Apple‘s (NASDAQ: AAPL) stock price shot higher Thursday, after JPMorgan’s (NYSE:JPM) Samik Chatterjee initiated coverage of the tech giant with an ‘Overweight’ rating and a base-case price target of $272, which implies more than 21% upside from current levels/$224 per share.
Chatterjee said his call is based on growth in Apple’s compelling transformation to a services business, more pricing leverage in its core iPhone business”, innovation that allows the company to continue to disrupt new markets, as well as earnings growth from stock buybacks which can drive “considerable upside” to current share levels.
“While Apple’s leadership position in the premium smartphone market is well understood by investors, we still see considerable upside to the stock from current levels,” the analyst wrote in a note to clients.
Chatterjee also said he believes Apple’s “robust” high-single-digit growth in the installed base, which is considered a key contributor to services revenue growth, has not been fully appreciated by investors. The analyst sees the mix of services revenues increasing to 20% by the end of FY 2021. Apple’s services revenue accounted for just 8 percent of total revenue as recently as 2012.

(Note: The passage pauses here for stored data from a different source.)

section \<open>Commutation rules in the presented group\<close>

lemma int_induct_iff:
  fixes P :: "int \<Rightarrow> bool"
  assumes "P 0" and "\<And>n. P (n + 1) \<longleftrightarrow> P n"
  shows "P n"
proof (induction n rule: int_induct[where k = 0])
  case (step2 i)
  then show ?case using assms(2)[of "i - 1"] by simp
qed (use assms in auto)

context group
begin

lemma m_inv_cancel_left: "x \<in> carrier G \<Longrightarrow> y \<in> carrier G \<Longrightarrow> x \<otimes> (inv x \<otimes> y) = y"
  by (simp add: m_assoc[symmetric])

lemma int_pow_left_commute_self:
  assumes "x \<in> carrier G" and "y \<in> carrier G"
  shows "x [^] (n::int) \<otimes> (x \<otimes> y) = x \<otimes> (x [^] n \<otimes> y)"
proof -
  have "x [^] n \<otimes> x = x \<otimes> x [^] n"
    using int_pow_mult[OF assms(1), of n 1] int_pow_mult[OF assms(1), of 1 n] assms(1)
    by (simp add: add.commute)
  then show ?thesis
    using assms by (simp add: m_assoc[symmetric])
qed

lemma int_pow_eq_if_cong:
  assumes "c \<in> carrier G" and "c [^] (m::int) = \<one>" and "[i = j] (mod m)"
  shows "c [^] i = c [^] j"
proof -
  have "int (ord c) dvd m" using assms(1,2) int_pow_eq_id by blast
  moreover have "m dvd j - i" using assms(3) by (simp add: cong_iff_dvd_diff dvd_diff_commute)
  ultimately show ?thesis using assms(1) int_pow_eq dvd_trans by blast
qed

lemma conj_int_pow:
  assumes "x \<in> carrier G" and "c \<in> carrier G"
  shows "inv x \<otimes> c [^] (k::int) \<otimes> x = (inv x \<otimes> c \<otimes> x) [^] k"
proof -
  have "(\<lambda>g. inv x \<otimes> g \<otimes> x) \<in> hom G G"
    using assms by (auto intro!: homI simp: m_assoc m_inv_cancel_left)
  from hom_int_pow[OF this assms(2) is_group is_group] show ?thesis by simp
qed

lemma int_pow_commute_twisted:
  assumes x: "x \<in> carrier G" and c: "c \<in> carrier G" and c_m: "c [^] (m::int) = \<one>"
    and coprime: "coprime a m" and conj: "inv x \<otimes> c \<otimes> x = c [^] a"
  shows "c [^] (k::int) \<otimes> x [^] (n::int) = x [^] n \<otimes> c [^] (k * zpow_mod m a n)"
proof (induction n rule: int_induct_iff)
  case 1
  show ?case using c by simp
next
  case (2 n)
  have shift: "c [^] j \<otimes> x = x \<otimes> c [^] (j * a)" for j :: int
  proof -
    have "inv x \<otimes> c [^] j \<otimes> x = c [^] (j * a)"
      using conj_int_pow[OF x c] conj c by (simp add: int_pow_pow mult.commute)
    then show ?thesis using x c by (simp add: m_assoc inv_solve_left')
  qed
  have "c [^] (k * zpow_mod m a (n + 1)) = c [^] (k * zpow_mod m a n * a)"
    using c c_m cong_scalar_left[OF zpow_mod_add1[OF coprime, of n], of k]
    by (intro int_pow_eq_if_cong) (simp_all add: ac_simps)
  then have "x [^] (n + 1) \<otimes> c [^] (k * zpow_mod m a (n + 1))
      = x [^] n \<otimes> (x \<otimes> c [^] (k * zpow_mod m a n * a))"
    using x c by (simp add: int_pow_mult m_assoc)
  also have "\<dots> = x [^] n \<otimes> c [^] (k * zpow_mod m a n) \<otimes> x"
    using x c by (simp add: shift m_assoc)
  finally have rhs: "x [^] (n + 1) \<otimes> c [^] (k * zpow_mod m a (n + 1))
      = x [^] n \<otimes> c [^] (k * zpow_mod m a n) \<otimes> x" .
  have lhs: "c [^] k \<otimes> x [^] (n + 1) = c [^] k \<otimes> x [^] n \<otimes> x"
    using x c by (simp add: int_pow_mult m_assoc)
  show ?case
    unfolding lhs rhs by (rule right_cancel) (use x c in auto)
qed

lemma int_pow_commute_Ssum:
  assumes u: "u \<in> carrier G" and v: "v \<in> carrier G" and c: "c \<in> carrier G"
    and c_m: "c [^] (m::int) = \<one>" and coprime: "coprime a m" and conj: "inv v \<otimes> c \<otimes> v = c [^] a"
    and vu: "v \<otimes> u = u \<otimes> v \<otimes> c [^] (e::int)"
  shows "v [^] (n::int) \<otimes> u = u \<otimes> v [^] n \<otimes> c [^] (e * Ssum m a n)"
proof (induction n rule: int_induct_iff)
  case 1
  show ?case using u c by simp
next
  case (2 n)
  have v_pow: "v [^] (n + 1) = v \<otimes> v [^] n"
    using int_pow_mult[OF v, of 1 n] v by (simp add: add.commute)
  have c_pow: "c [^] (e * Ssum m a (n + 1)) = c [^] (e * zpow_mod m a n) \<otimes> c [^] (e * Ssum m a n)"
    by (simp only: Ssum_add1 distrib_left add.commute[of "e * Ssum m a n"] int_pow_mult[OF c])
  have "u \<otimes> v [^] (n + 1) \<otimes> c [^] (e * Ssum m a (n + 1))
      = u \<otimes> v \<otimes> (v [^] n \<otimes> c [^] (e * zpow_mod m a n)) \<otimes> c [^] (e * Ssum m a n)"
    using u v c by (simp add: v_pow c_pow m_assoc)
  also have "\<dots> = u \<otimes> v \<otimes> (c [^] e \<otimes> v [^] n) \<otimes> c [^] (e * Ssum m a n)"
    using int_pow_commute_twisted[OF v c c_m coprime conj, of e n] by simp
  also have "\<dots> = (u \<otimes> v \<otimes> c [^] e) \<otimes> (v [^] n \<otimes> c [^] (e * Ssum m a n))"
    using u v c by (simp add: m_assoc)
  also have "\<dots> = v \<otimes> (u \<otimes> v [^] n \<otimes> c [^] (e * Ssum m a n))"
    unfolding vu[symmetric] using u v c by (simp add: m_assoc)
  finally have rhs: "u \<otimes> v [^] (n + 1) \<otimes> c [^] (e * Ssum m a (n + 1))
      = v \<otimes> (u \<otimes> v [^] n \<otimes> c [^] (e * Ssum m a n))" .
  have lhs: "v [^] (n + 1) \<otimes> u = v \<otimes> (v [^] n \<otimes> u)"
    using u v by (simp add: v_pow m_assoc)
  show ?case
    unfolding lhs rhs by (rule Units_l_cancel) (use u v c in auto)
qed

lemma group_center_generate:
  assumes gen: "carrier G = generate G S" and S: "S \<subseteq> carrier G" and z: "z \<in> carrier G"
  shows "z \<in> group_center G \<longleftrightarrow> (\<forall>s \<in> S. z \<otimes> s = s \<otimes> z)"
proof
  assume "z \<in> group_center G"
  then show "\<forall>s \<in> S. z \<otimes> s = s \<otimes> z"
    using S by (auto simp: group_center_def)
next
  assume commutes: "\<forall>s \<in> S. z \<otimes> s = s \<otimes> z"
  have "subgroup {g \<in> carrier G. z \<otimes> g = g \<otimes> z} G"
  proof (rule subgroupI)
    fix g
    assume g: "g \<in> {g \<in> carrier G. z \<otimes> g = g \<otimes> z}"
    then have g_carrier: "g \<in> carrier G" and gz: "g \<otimes> z = z \<otimes> g"
      by auto
    have "g \<otimes> (z \<otimes> inv g) = (g \<otimes> z) \<otimes> inv g"
      using g_carrier z by (simp add: m_assoc)
    also have "\<dots> = z"
      unfolding gz using g_carrier z by (simp add: m_assoc)
    finally have "inv g \<otimes> z = z \<otimes> inv g"
      using inv_solve_left'[of "z \<otimes> inv g" g z] g_carrier z by simp
    then show "inv g \<in> {g \<in> carrier G. z \<otimes> g = g \<otimes> z}"
      using g_carrier by simp
  next
    fix g h
    assume "g \<in> {g \<in> carrier G. z \<otimes> g = g \<otimes> z}" and "h \<in> {g \<in> carrier G. z \<otimes> g = g \<otimes> z}"
    then show "g \<otimes> h \<in> {g \<in> carrier G. z \<otimes> g = g \<otimes> z}"
      using z by (simp add: m_assoc[symmetric]) (metis m_assoc)
  qed (use z in auto)
  then have "generate G S \<subseteq> {g \<in> carrier G. z \<otimes> g = g \<otimes> z}"
    using commutes S by (intro generate_subgroup_incl) auto
  then show "z \<in> group_center G"
    using gen z by (auto simp: group_center_def)
qed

Apple stock traded higher by nearly five points Thursday morning to $224.57. The name’s climb is part of a solid run. Shares of Apple have gained more than 32% since the start of the year, which strongly outperforms the S&P 500’s roughly 8% jump. Over the last 52-weeks, Apple has seen its stock price surge 43%. More impressively, shares of the iPhone maker currently trade at only 16.5x forward 12-month EPS estimates. Trailing-12 prints 20.4x.